Citation: Ozioma PE, Joseph UA, Otitoju O (2021) Evaluating consumption risk and toxicity index: a case study of tridax procumbens. Enviro Sci Poll Res and Mang: ESPRM-111.

DOI: 10.37722/ESPRAM.2021102

Abstract
      This study was carried out to determine the level of some heavy metals (minerals), and selected vitamins present in Tridax procumbens leaf extracts and its nutritional compositions as it is recently used in phyto-medicine for the treatment of ailments and also used as source of vegetables for human consumption. All compositions were evaluated using modified standard method of AOAC, 2006. The result revealed myriad amounts (mg/100g) of heavy metals in the order of zinc (8.21 ± 0.01) > manganese (7.02 ± 0.01) > Iron (4.02 ± 0.01) > Nickel (0.62 ± 0.01) > lead (0.43 ± 0.01) > magnesium (0.42 ± 0.01) > cobalt (0.21 ± 0.01). The result for vitamins contents were expressed in mg/100g in the order of vitamin A (15.00 ± 1.41) > vitamin B₉ (8.65 ± 0.03) > vitamin C (6.33 ± 0.02). It could be deduced that the nutritional composition of this plant must have led to its therapeutic and conventional use as a vegetable but the presence of some heavy metals could be a major health concern as bioaccumulation might lead to impairment of some vital organs in the body.

Introduction
      Plants used as vegetables have been employed in development of nutraceuticals, and their effects have been commendable due to the presence of some phytochemicals, vitamins and minerals. One of such plants includes Tridax procumbens. Tridax procumbens is a species of flowering plant in the Aster family (Compositae), a common weed in West Africa, subregion and other tropical zones of world (Funk et al., 2009). The plant is called with different names; In Igbo it is called Mbuli, in Hausa it is called Harantama, in Yoruba it is called Igbalode, in English it is called coat button. It is a semi prostate, annual, creeper herb. Stem is ascending 30-50cm height, branched, sparsely hairy, rooting at nodes. Leaves are simple, opposite, mainly 3-7cm long, 1 to 4cm wide, irregularly toothed margin, base wedge shaped, shortly petioled, hairy on both surfaces. Flowers are tubular, yellow with hairs, inflorescence capitulum. Tridax has two types of flower: ray florets and disc florets with basal palcentation (Bhalerao and Kelkar, 2012).

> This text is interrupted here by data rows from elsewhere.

(* Let $q$ be a power of an odd prime, $d\ge2$, $E\subset\mathbb F_q^d$, and for $t\in\mathbb F_q$ let $w(t)=\#\{(x,y)\in E\times E:\|x-y\|_Q=t\}$. Then: (i) if $d$ is even and $\eta(\varepsilon)=1$, $0\le w(0)\le \frac{|E|^2}{q}+q^{3d/2}\sum_{m\in(S_{Q^*})_0}|\widehat E(m)|^2$; (ii) if $d$ is even and $\eta(\varepsilon)=-1$, $0\le w(0)\le\frac{|E|^2}{q}+q^{(d-2)/2}|E|$; (iii) if $d$ is odd, $0\le w(0)\le\frac{|E|^2}{q}+q^{(d-1)/2}|E|$.
   Context: $\eta$ is the quadratic character of $\mathbb F_q^*$. Fix a symmetric $d\times d$ matrix $A$ over $\mathbb F_q$ with $\det A\ne0$. If $d$ is even: $\|x\|_Q=x_1^2-x_2^2+\dots+x_{d-1}^2-\varepsilon x_d^2$, $\|m\|_{Q^*}=m_1^2-m_2^2+\dots+m_{d-1}^2-\varepsilon^{-1}m_d^2$, with $\varepsilon\in\mathbb F_q^*$ such that $\eta((-1)^{d/2}\varepsilon)=\eta(\det A)$. If $d$ is odd: $\|x\|_Q=x_1^2-x_2^2+\dots-x_{d-1}^2+\varepsilon x_d^2$, $\|m\|_{Q^*}=m_1^2-m_2^2+\dots-m_{d-1}^2+\varepsilon^{-1}m_d^2$, with $\eta((-1)^{(d-1)/2}\varepsilon)=\eta(\det A)$. $(S_{Q^*})_0=\{m\in\mathbb F_q^d:\|m\|_{Q^*}=0\}$. $\widehat E(m)=q^{-d}\sum_{x\in E}\chi(-m\cdot x)$ with $\chi$ the canonical additive character of $\mathbb F_q$ ($\chi(c)=e^{2\pi i\,\mathrm{Tr}(c)/p}$). *)

theory Defs
  imports Complex_Main "HOL-Library.Cardinality" "Jordan_Normal_Form.Determinant"
begin

text \<open>Finite field F_q: a type of class field and finite; q = CARD('a), p = CHAR('a).
  Vectors of F_q^d: functions nat => 'a supported on {..<d}.\<close>

definition vecs :: "nat \<Rightarrow> (nat \<Rightarrow> 'a) set" where
  "vecs d = PiE {..<d} (\<lambda>_. UNIV)"
lemma max_independent23_solids_on_plane:
  fixes C :: "(('a::field ^ 'n) set \<times> ('a ^ 'n) set) set"
  assumes "max_independent23 C" "plane E"
  shows "\<exists>U. psubspace U \<and> E \<subseteq> U \<and>
           (\<forall>S. solid S \<and> E \<subseteq> S \<longrightarrow> ((E, S) \<in> C \<longleftrightarrow> S \<subseteq> U))"
proof -
  define U where "U = \<Inter>{vec.span (E \<union> E') | E' S'. (E', S') \<in> C \<and> E \<inter> S' = {0}}"
  have "psubspace U"
    unfolding psubspace_def U_def by (rule vec.subspace_Inter) (auto intro: vec.subspace_span)
  moreover have "E \<subseteq> U"
    unfolding U_def by (rule Inter_greatest) (auto intro: vec.span_base)
  moreover have "(E, S) \<in> C \<longleftrightarrow> S \<subseteq> U" if S: "solid S" "E \<subseteq> S" for S
  proof -
    have E: "vec.subspace E" "vec.dim S = vec.dim E + 1"
      using assms(2) S(1) unfolding plane_def solid_def by auto
    have meets: "(E' \<inter> S = {0} \<longrightarrow> E \<inter> S' \<noteq> {0}) \<longleftrightarrow>
        (E \<inter> S' = {0} \<longrightarrow> S \<subseteq> vec.span (E \<union> E'))"
      if "(E', S') \<in> C" for E' S'
    proof (cases "E \<inter> S' = {0}")
      case True
      have "plane E'" "E' \<subseteq> S'"
        using max_independent23_flag23[OF assms(1) that] unfolding flag23_def by auto
      have "E \<inter> E' \<subseteq> E \<inter> S'"
        using \<open>E' \<subseteq> S'\<close> by blast
      then have "E \<inter> E' \<subseteq> {0}"
        using True by simp
      moreover have "vec.subspace E'"
        using \<open>plane E'\<close> unfolding plane_def by simp
      moreover have "vec.subspace S"
        using S(1) unfolding solid_def by simp
      ultimately have "E' \<inter> S \<noteq> {0} \<longleftrightarrow> S \<subseteq> vec.span (E \<union> E')"
        using vec.Int_nontrivial_iff_subset_span_Un[OF _ E(1) _ S(2) E(2)] by simp
      then show ?thesis
        using True by simp
    qed simp
    have "flag23 (E, S)"
      unfolding flag23_def using S assms(2) by simp
    then have "(E, S) \<in> C \<longleftrightarrow> (\<forall>E' S'. (E', S') \<in> C \<longrightarrow> E \<inter> S' = {0} \<longrightarrow>
                   S \<subseteq> vec.span (E \<union> E'))"
      using max_independent23_flag_mem_iff[OF assms(1)] by (simp add: meets)
    also have "\<dots> \<longleftrightarrow> S \<subseteq> U"
      by (auto simp: U_def)
    finally show ?thesis .
  qed
  ultimately show ?thesis
    by blast
qed

theorem lemma6p1:
  fixes C :: "(('a::{field,finite} ^ 'n) set \<times> ('a ^ 'n) set) set"
  assumes "CARD('n) = 7"
    and "max_independent23 C"
  shows "(\<forall>S. solid S \<longrightarrow> (\<exists>U. psubspace U \<and> U \<subseteq> S \<and>
            (\<forall>E. plane E \<and> E \<subseteq> S \<longrightarrow> ((E, S) \<in> C \<longleftrightarrow> U \<subseteq> E))))
       \<and> (\<forall>E. plane E \<longrightarrow> (\<exists>U. psubspace U \<and> E \<subseteq> U \<and>
            (\<forall>S. solid S \<and> E \<subseteq> S \<longrightarrow> ((E, S) \<in> C \<longleftrightarrow> S \<subseteq> U))))"
  using max_independent23_planes_on_solid[of C] max_independent23_solids_on_plane[OF assms(2)]
    assms by simp

end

Figure 1: Tridax procumbens

      Ikewuchi et al., (2009a and b) researched on the nutritional properties of the leaves of Tridax procumbens, also commonly used as vegetables and for medicinal purposes, because of their myriad of pharmacological properties. These includes but not limited to use as analgesic (Prabhu et al., 2011), anti-anemic (Ikewuchi and Ikewuchi, 2013), anti-arthritic (Petchi et al., 2013), anti-diabetic (Bhagwa et al., 2008; Ikewuchi, 2011; Pareek et al., 2008), antihypertensive (Ikewuchi et al., 2011; Salahdeen et al., 2004), anti-inflammatory, antioxidant (Ravikumar, 2005), antimicrobial ( Yoga et al., 2009), hepatoprotective (Ikewuchi, 2012). The present study reports the heavy metal and selected vitamins composition of the leaves of Tridax procumbens, and in addition discusses the bioaccumulation effect of the detected compounds.

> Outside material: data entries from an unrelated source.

lemma jump_part_dilation:
  assumes M: "M > 1" "\<kappa>2 \<le> \<kappa>1 * M"
  shows "a3 * M powr \<beta>1 / \<gamma>^2 * jump_part \<xi> \<le> jump_part (M *\<^sub>R \<xi>)"
proof -
  define C where "C = a3 * M ^ CARD('n) * M powr \<beta>1 / \<gamma>^2"
  have C: "C \<ge> 0" using a3_pos M by (simp add: C_def)
  have pointwise: "C * jump_integrand \<xi> z \<le> jump_integrand (M *\<^sub>R \<xi>) ((1 / M) *\<^sub>R z)" for z
  proof (cases "z = 0")
    case False
    have "C * jump_integrand \<xi> z = (1 - cos (\<xi> \<bullet> z)) * (C * J z)"
      by (simp add: jump_integrand_def)
    also have "\<dots> \<le> (1 - cos (\<xi> \<bullet> z)) * J ((1 / M) *\<^sub>R z)"
      using J_le_contracted[OF False M] by (intro mult_left_mono) (auto simp: C_def)
    finally show ?thesis using M by (simp add: jump_integrand_def)
  qed (simp add: jump_integrand_def)
  \<comment> \<open>Substituting y = z / M costs the Jacobian M^-d, which the factor M^d in C compensates.\<close>
  have "ennreal (jump_part (M *\<^sub>R \<xi>))
      = ennreal ((1 / M) ^ CARD('n)) * (\<integral>\<^sup>+z. ennreal (jump_integrand (M *\<^sub>R \<xi>) ((1 / M) *\<^sub>R z)) \<partial>lborel)"
    using nn_integral_lborel_scaleR[of "\<lambda>y. ennreal (jump_integrand (M *\<^sub>R \<xi>) y)" "1 / M"] M
    by (simp add: nn_integral_jump_integrand)
  also have "\<dots> \<ge> ennreal ((1 / M) ^ CARD('n)) * (\<integral>\<^sup>+z. ennreal C * ennreal (jump_integrand \<xi> z) \<partial>lborel)"
    using pointwise C jump_integrand_nonneg
    by (intro mult_left_mono nn_integral_mono) (auto simp: ennreal_mult[symmetric] ennreal_leI)
  also have "(\<integral>\<^sup>+z. ennreal C * ennreal (jump_integrand \<xi> z) \<partial>lborel) = ennreal (C * jump_part \<xi>)"
    using C jump_part_nonneg by (simp add: nn_integral_cmult nn_integral_jump_integrand ennreal_mult)
  finally have "ennreal ((1 / M) ^ CARD('n) * (C * jump_part \<xi>)) \<le> ennreal (jump_part (M *\<^sub>R \<xi>))"
    using M C jump_part_nonneg by (simp add: ennreal_mult)
  moreover have "(1 / M) ^ CARD('n) * (C * jump_part \<xi>) = a3 * M powr \<beta>1 / \<gamma>^2 * jump_part \<xi>"
    using M by (simp add: C_def field_simps power_divide)
  ultimately show ?thesis using jump_part_nonneg by (simp add: ennreal_le_iff)
qed

lemma Psi_dilation:
  obtains c M0 where "c > 0" and "\<And>M \<xi>. M \<ge> M0 \<Longrightarrow> c * M powr \<beta>1 * Psi \<xi> \<le> Psi (M *\<^sub>R \<xi>)"
proof
  show "min 1 (a3 / \<gamma>^2) > 0" using a3_pos \<gamma>_ge by simp
  fix M \<xi> assume M: "M \<ge> max 2 (\<kappa>2 / \<kappa>1)"
  then have M1: "M > 1" and M\<kappa>: "\<kappa>2 \<le> \<kappa>1 * M" using \<kappa>_pos by (auto simp: field_simps)
  have "M powr \<beta>1 \<le> M^2" using M1 \<beta>1_le_2 powr_mono[of \<beta>1 2 M] by (simp add: powr_numeral)
  then have "min 1 (a3 / \<gamma>^2) * M powr \<beta>1 * (\<xi> \<bullet> (A *v \<xi>)) \<le> M^2 * (\<xi> \<bullet> (A *v \<xi>))"
    using quadratic_form_nonneg M1 a3_pos
    by (intro mult_right_mono order_trans[OF mult_left_le_one_le]) auto
  moreover have "min 1 (a3 / \<gamma>^2) * M powr \<beta>1 * jump_part \<xi> \<le> a3 * M powr \<beta>1 / \<gamma>^2 * jump_part \<xi>"
  proof -
    have "min 1 (a3 / \<gamma>^2) * M powr \<beta>1 \<le> a3 / \<gamma>^2 * M powr \<beta>1" by (intro mult_right_mono) auto
    then show ?thesis using jump_part_nonneg by (intro mult_right_mono) auto
  qed
  ultimately show "min 1 (a3 / \<gamma>^2) * M powr \<beta>1 * Psi \<xi> \<le> Psi (M *\<^sub>R \<xi>)"
    using jump_part_dilation[OF M1 M\<kappa>, of \<xi>]
    by (simp add: Psi_eq matrix_vector_mult_scaleR power2_eq_square distrib_left algebra_simps)
qed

      Tridax procumbens has been adduced to have many phytochemical, mineral, and vitamins constituents of, which has resulted it its use in phyto-medicine and consumption as vegetables in villages like Abakaliki, Ebonyi State, Nigeria, likewise other African countries. However, limited concern has been placed on its potential to bio-accumulate some heavy metals such lead, nickel, cobalt which might be present in an insignificant quantity.

Specific Objectives: 

1. To determine the level of minerals present in Tridax procumbens.
2. To determine level of some specific vitamins (A, B₉ and C) in Tridax procumbens.

Materials and Methods

      All materials, chemical and reagent used are of analytical standard. 

Collection of plant material

      Fresh leaf of Tridax procumbens was collected at the back of Biochemistry Laboratory, Ebonyi State University, Abakaliki and was authenticated by Professor S.S.C Onyekwu of Taxonomy unit of the Department of Applied Biology, Ebonyi State University.

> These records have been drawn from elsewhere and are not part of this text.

(* Let $d\ge 2$, let $K$ be a hemisphere of $S^d$ and let $p\in \mathrm{bd}(K)$. Let $pq\subset K$ be an arc orthogonal to $\mathrm{bd}(K)$ at $p$, with $q$ in the interior of $K$ and $|pq|<\frac{\pi}{2}$. Consider all lunes of the form $K\cap M$, where $M$ is a hemisphere with $q\in\mathrm{bd}(M)$ and $p\in M$ (so that $pq\subset K\cap M$). Let $K_\perp$ be the hemisphere with $q\in \mathrm{bd}(K_\perp)$ and $p\in K_\perp$ such that $pq$ is orthogonal to $\mathrm{bd}(K_\perp)$ at $q$. Then among all these lunes, $K\cap K_\perp$ has the smallest thickness.
   Context: $S^d$ is the unit sphere in $E^{d+1}$. For non-antipodal points $a,b$, the arc $ab$ is the shorter great-circle arc joining them and $|ab|$ is its length (the spherical distance). A hemisphere is the intersection of $S^d$ with a closed half-space of $E^{d+1}$ whose boundary hyperplane passes through the origin; its center is the point of the hemisphere at distance $\frac{\pi}{2}$ from its boundary. If hemispheres $G,H$ are different and not opposite (opposite means their centers are antipodal), $L=G\cap H$ is a lune; $G/H$ and $H/G$ denote the parts of $\mathrm{bd}(G)$ and $\mathrm{bd}(H)$ contained in $G\cap H$ (these are $(d-1)$-dimensional hemispheres, i.e., sets of points of a $(d-1)$-dimensional great sphere at distance at most $\frac{\pi}{2}$ from a point, called the center). The thickness $\Delta(L)$ of the lune is the spherical distance between the centers of $G/H$ and $H/G$. *)

theory Defs
  imports "HOL-Analysis.Analysis"
begin

text \<open>The unit sphere S^d is the unit sphere of a Euclidean space of dimension d+1.\<close>
definition usphere :: "'a::euclidean_space set" where
  "usphere = {x. norm x = 1}"

definition sdist :: "'a::euclidean_space \<Rightarrow> 'a \<Rightarrow> real" where
  "sdist a b = arccos (a \<bullet> b)"

definition sdist_set :: "'a::euclidean_space \<Rightarrow> 'a set \<Rightarrow> real" where
  "sdist_set a S = (INF x\<in>S. sdist a x)"

text \<open>The arc ab (for non-antipodal a, b): points of the sphere on the shorter
  great-circle arc joining them.\<close>
definition sarc :: "'a::euclidean_space \<Rightarrow> 'a \<Rightarrow> 'a set" where
  "sarc a b = {x \<in> usphere. \<exists>s t. s \<ge> 0 \<and> t \<ge> 0 \<and> x = s *\<^sub>R a + t *\<^sub>R b}"

definition hemi :: "'a::euclidean_space \<Rightarrow> 'a set" where
  "hemi c = {x \<in> usphere. x \<bullet> c \<ge> 0}"

definition hemi_bd :: "'a::euclidean_space \<Rightarrow> 'a set" where
  "hemi_bd c = {x \<in> usphere. x \<bullet> c = 0}"

definition hemi_int :: "'a::euclidean_space \<Rightarrow> 'a set" where
  "hemi_int c = {x \<in> usphere. x \<bullet> c > 0}"

text \<open>G/H for hemispheres G, H with centers g, h: the part of bd(G) contained in G \<inter> H.\<close>
definition lune_face :: "'a::euclidean_space \<Rightarrow> 'a \<Rightarrow> 'a set" where
  "lune_face g h = hemi_bd g \<inter> hemi h"

definition lune_face_center :: "'a::euclidean_space \<Rightarrow> 'a \<Rightarrow> 'a" where
  "lune_face_center g h =
     (THE c. c \<in> lune_face g h \<and> sdist_set c (hemi_bd g \<inter> hemi_bd h) = pi / 2)"

definition lune_thickness :: "'a::euclidean_space \<Rightarrow> 'a \<Rightarrow> real" where
  "lune_thickness g h = sdist (lune_face_center g h) (lune_face_center h g)"

text \<open>The arc ab is orthogonal at a to the great sphere bd(H) (H with center c):
  a lies on bd(H) and the tangent vector of the arc at a is orthogonal to every
  tangent vector of bd(H) at a.\<close>
definition arc_orth_at :: "'a::euclidean_space \<Rightarrow> 'a \<Rightarrow> 'a \<Rightarrow> bool" where
  "arc_orth_at a b c \<longleftrightarrow> a \<in> hemi_bd c \<and>
     (\<forall>v. v \<bullet> a = 0 \<and> v \<bullet> c = 0 \<longrightarrow> (b - (a \<bullet> b) *\<^sub>R a) \<bullet> v = 0)"

end

theory Submission
  imports Defs
begin

text \<open>
  For hemispheres with unit centers g and h, the center of the face G/H is the normalized
  component of h orthogonal to g, so the thickness of G \<inter> H is arccos (- g \<bullet> h).
  Orthogonality of the arc pq to bd(K) at p means that its tangent at p points along k,
  hence q = c p + s k with c = cos |pq| and s = sin |pq|; orthogonality to bd(K_perp) at q
  likewise gives k \<bullet> k_perp = - c, so K \<inter> K_perp has thickness |pq|.
  For an admissible M with center m, the conditions m \<bullet> q = 0 and m \<bullet> p \<ge> 0, together
  with Bessel's inequality for the orthonormal pair p, k, force - m \<bullet> k \<le> c, so K \<inter> M is
  at least as thick.
\<close>

lemma hemi_bd_Int_nonempty:
  fixes g h :: "'a::euclidean_space"
  assumes "DIM('a) \<ge> 3"
  shows "hemi_bd g \<inter> hemi_bd h \<noteq> {}"
proof -
  have "dim {g, h} \<le> card {g, h}" by (rule dim_le_card) (auto intro: span_base)
  also have "\<dots> \<le> 2" by (simp add: card_insert_le_m1)
  finally have "dim {g, h} < DIM('a)" using assms by linarith
  then obtain x where x: "x \<noteq> 0" "\<And>y. y \<in> span {g, h} \<Longrightarrow> orthogonal x y"
    using orthogonal_to_subspace_exists by blast
  have "orthogonal x g" "orthogonal x h" using x(2) by (auto intro: span_base)
  then have "x /\<^sub>R norm x \<in> hemi_bd g \<inter> hemi_bd h"
    using x(1) by (auto simp: hemi_bd_def usphere_def orthogonal_def)
  then show ?thesis by blast
qed

lemma inner_unit_bounds:
  fixes x y :: "'a::euclidean_space"
  assumes "norm x = 1" "norm y = 1"
  shows "-1 \<le> x \<bullet> y" "x \<bullet> y \<le> 1"
  using Cauchy_Schwarz_ineq2[of x y] assms by auto

lemma sdist_set_eq_pi_half_iff_orthogonal:
  fixes c :: "'a::euclidean_space"
  assumes c: "norm c = 1" and S: "S \<subseteq> usphere" "S \<noteq> {}" "\<And>x. x \<in> S \<Longrightarrow> - x \<in> S"
  shows "sdist_set c S = pi / 2 \<longleftrightarrow> (\<forall>x\<in>S. c \<bullet> x = 0)"
proof
  have unit: "norm x = 1" if "x \<in> S" for x using S(1) that by (auto simp: usphere_def)
  assume dist: "sdist_set c S = pi / 2"
  have bdd: "bdd_below ((\<lambda>x. sdist c x) ` S)"
    by (rule bdd_belowI2[where m = 0]) (auto simp: sdist_def intro: arccos_lbound inner_unit_bounds c unit)
  have nonpos: "c \<bullet> x \<le> 0" if x: "x \<in> S" for x
  proof -
    note bounds = inner_unit_bounds[OF c unit[OF x]]
    have "pi / 2 \<le> arccos (c \<bullet> x)"
      using cINF_lower[OF bdd x] dist by (simp add: sdist_set_def sdist_def)
    then have "cos (arccos (c \<bullet> x)) \<le> cos (pi / 2)"
      using bounds arccos_ubound by (intro cos_monotone_0_pi_le) auto
    then show ?thesis using bounds by simp
  qed
  show "\<forall>x\<in>S. c \<bullet> x = 0"
    using nonpos S(3) by (metis inner_minus_right neg_le_0_iff_le order_antisym)
next
  assume "\<forall>x\<in>S. c \<bullet> x = 0"
  then have "sdist_set c S = (INF x\<in>S. pi / 2)"
    unfolding sdist_set_def sdist_def by (intro INF_cong) auto
  then show "sdist_set c S = pi / 2" using S(2) by simp
qed

lemma orthogonal_to_hemi_bd_Int_decomp:
  fixes g u x :: "'a::euclidean_space"
  assumes g: "norm g = 1" and u: "norm u = 1" and gu: "g \<bullet> u = 0"
    and x: "\<forall>y \<in> hemi_bd g \<inter> hemi_bd u. x \<bullet> y = 0"
  shows "x = (x \<bullet> g) *\<^sub>R g + (x \<bullet> u) *\<^sub>R u"
proof -
  define r where "r = x - (x \<bullet> g) *\<^sub>R g - (x \<bullet> u) *\<^sub>R u"
  have gg: "g \<bullet> g = 1" and uu: "u \<bullet> u = 1" using g u by (simp_all add: norm_eq_1)
  have rg: "r \<bullet> g = 0" and ru: "r \<bullet> u = 0"
    by (simp_all add: r_def inner_diff_left gg uu gu inner_commute[of u g])
  have "r = 0"
  proof (rule ccontr)
    assume "r \<noteq> 0"
    then have "r /\<^sub>R norm r \<in> hemi_bd g \<inter> hemi_bd u"
      using rg ru by (simp add: hemi_bd_def usphere_def)
    then have "x \<bullet> (r /\<^sub>R norm r) = 0" using x by blast
    then have "x \<bullet> r = 0" using \<open>r \<noteq> 0\<close> by simp
    moreover have "x \<bullet> r = r \<bullet> r"
      by (simp add: r_def inner_diff_left inner_diff_right rg ru inner_commute gg uu gu)
    ultimately show False using \<open>r \<noteq> 0\<close> by simp
  qed
  then show ?thesis by (simp add: r_def algebra_simps)
qed

lemma orthogonal_component_nonzero:
  fixes g h :: "'a::real_inner"
  assumes g: "norm g = 1" and h: "norm h = 1" and "h \<noteq> g" "h \<noteq> - g"
  shows "h - (g \<bullet> h) *\<^sub>R g \<noteq> 0"
proof
  assume "h - (g \<bullet> h) *\<^sub>R g = 0"
  then have "h = (g \<bullet> h) *\<^sub>R g" by simp
  moreover from this have "\<bar>g \<bullet> h\<bar> = 1" using g h by (metis mult.right_neutral norm_scaleR)
  ultimately show False using assms(3,4) by (cases "g \<bullet> h \<ge> 0") auto
qed

lemma lune_face_center_eq:
  fixes g h :: "'a::euclidean_space"
  assumes dim: "DIM('a) \<ge> 3" and g: "norm g = 1" and h: "norm h = 1"
    and "h \<noteq> g" "h \<noteq> - g"
  shows "lune_face_center g h = (h - (g \<bullet> h) *\<^sub>R g) /\<^sub>R norm (h - (g \<bullet> h) *\<^sub>R g)"
proof -
  define a where "a = g \<bullet> h"
  define w where "w = h - a *\<^sub>R g"
  define n where "n = norm w"
  define u where "u = w /\<^sub>R n"
  have gg: "g \<bullet> g = 1" and hh: "h \<bullet> h = 1" using g h by (simp_all add: norm_eq_1)
  have wg: "w \<bullet> g = 0" by (simp add: w_def a_def inner_diff_left gg inner_commute[of h g])
  have wh: "w \<bullet> h = 1 - a\<^sup>2" by (simp add: w_def inner_diff_left hh a_def power2_eq_square)
  have n: "n > 0" using orthogonal_component_nonzero[OF g h assms(4,5)] by (simp add: n_def w_def a_def)
  have "n\<^sup>2 = 1 - a\<^sup>2"
    using wg wh by (simp add: n_def power2_norm_eq_inner w_def inner_diff_right inner_commute[of g])
  then have uh: "u \<bullet> h = n" using wh n by (simp add: u_def power2_eq_square field_simps)
  have ug: "u \<bullet> g = 0" and u: "norm u = 1" using wg n by (simp_all add: u_def n_def)
  have h_decomp: "h = a *\<^sub>R g + n *\<^sub>R u" using n by (simp add: u_def w_def)
  have bd_eq: "hemi_bd g \<inter> hemi_bd h = hemi_bd g \<inter> hemi_bd u"
    using n by (auto simp: hemi_bd_def h_decomp inner_add_right)
  have S: "hemi_bd g \<inter> hemi_bd u \<subseteq> usphere" "hemi_bd g \<inter> hemi_bd u \<noteq> {}"
      "\<And>x. x \<in> hemi_bd g \<inter> hemi_bd u \<Longrightarrow> - x \<in> hemi_bd g \<inter> hemi_bd u"
    using hemi_bd_Int_nonempty[OF dim, of g u] by (auto simp: hemi_bd_def usphere_def)
  have center_iff: "c \<in> lune_face g h \<and> sdist_set c (hemi_bd g \<inter> hemi_bd h) = pi / 2 \<longleftrightarrow> c = u"
    for c
  proof
    assume c: "c \<in> lune_face g h \<and> sdist_set c (hemi_bd g \<inter> hemi_bd h) = pi / 2"
    then have cn: "norm c = 1" and cg: "c \<bullet> g = 0" and ch: "c \<bullet> h \<ge> 0"
      by (auto simp: lune_face_def hemi_bd_def hemi_def usphere_def inner_commute)
    have "c = (c \<bullet> u) *\<^sub>R u"
      using orthogonal_to_hemi_bd_Int_decomp[OF g u, of c] c cg ug
        sdist_set_eq_pi_half_iff_orthogonal[OF cn S]
      by (simp add: bd_eq inner_commute)
    moreover from this have "\<bar>c \<bullet> u\<bar> = 1" using cn u by (metis norm_scaleR mult.right_neutral)
    moreover have "c \<bullet> h = (c \<bullet> u) * n" by (simp add: h_decomp inner_add_right cg)
    then have "c \<bullet> u \<ge> 0" using ch n by (simp add: zero_le_mult_iff)
    ultimately show "c = u" by (metis abs_of_nonneg scaleR_one)
  next
    assume "c = u"
    moreover have "sdist_set u (hemi_bd g \<inter> hemi_bd u) = pi / 2"
      using sdist_set_eq_pi_half_iff_orthogonal[OF u S] by (simp add: hemi_bd_def inner_commute)
    ultimately show "c \<in> lune_face g h \<and> sdist_set c (hemi_bd g \<inter> hemi_bd h) = pi / 2"
      unfolding bd_eq using u ug uh n
      by (auto simp: lune_face_def hemi_bd_def hemi_def usphere_def inner_commute)
  qed
  have "lune_face_center g h = u" unfolding lune_face_center_def using center_iff by blast
  then show ?thesis by (simp add: u_def w_def n_def a_def)
qed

Preparation of Plant Material

      The bulk sample was sorted to remove dried and infected plants, the rest were washed in running tap water to eliminate dirt. It was dehulled manually, spread on a Laboratory tray and shade dried for 2 weeks at room temperature. The dried sample was homogenized into powdered form using manual grinder. The ground sample was sieved through 1mm test sieve to obtain a powdered processed sample used for analysis.

Method of Mineral Determination

      Minerals were estimated by the use of an Atomic Absorption Spectrophotometer using a modified standard method of AOAC (AOAC, 2006). The sample solutions in the sample bottles were analyzed for the concentration of the individual elements. Each element has specific cathode discharge lamp and this lamp was used to determine a particular element. Discharge lamp emits radiation at a wavelength specific for each element being assayed. This specificity can be obtained only from a pure sample of the element that is excited electrically to produce an arc spectrum on that element. 

Determination of content Retinol (Vitamin A)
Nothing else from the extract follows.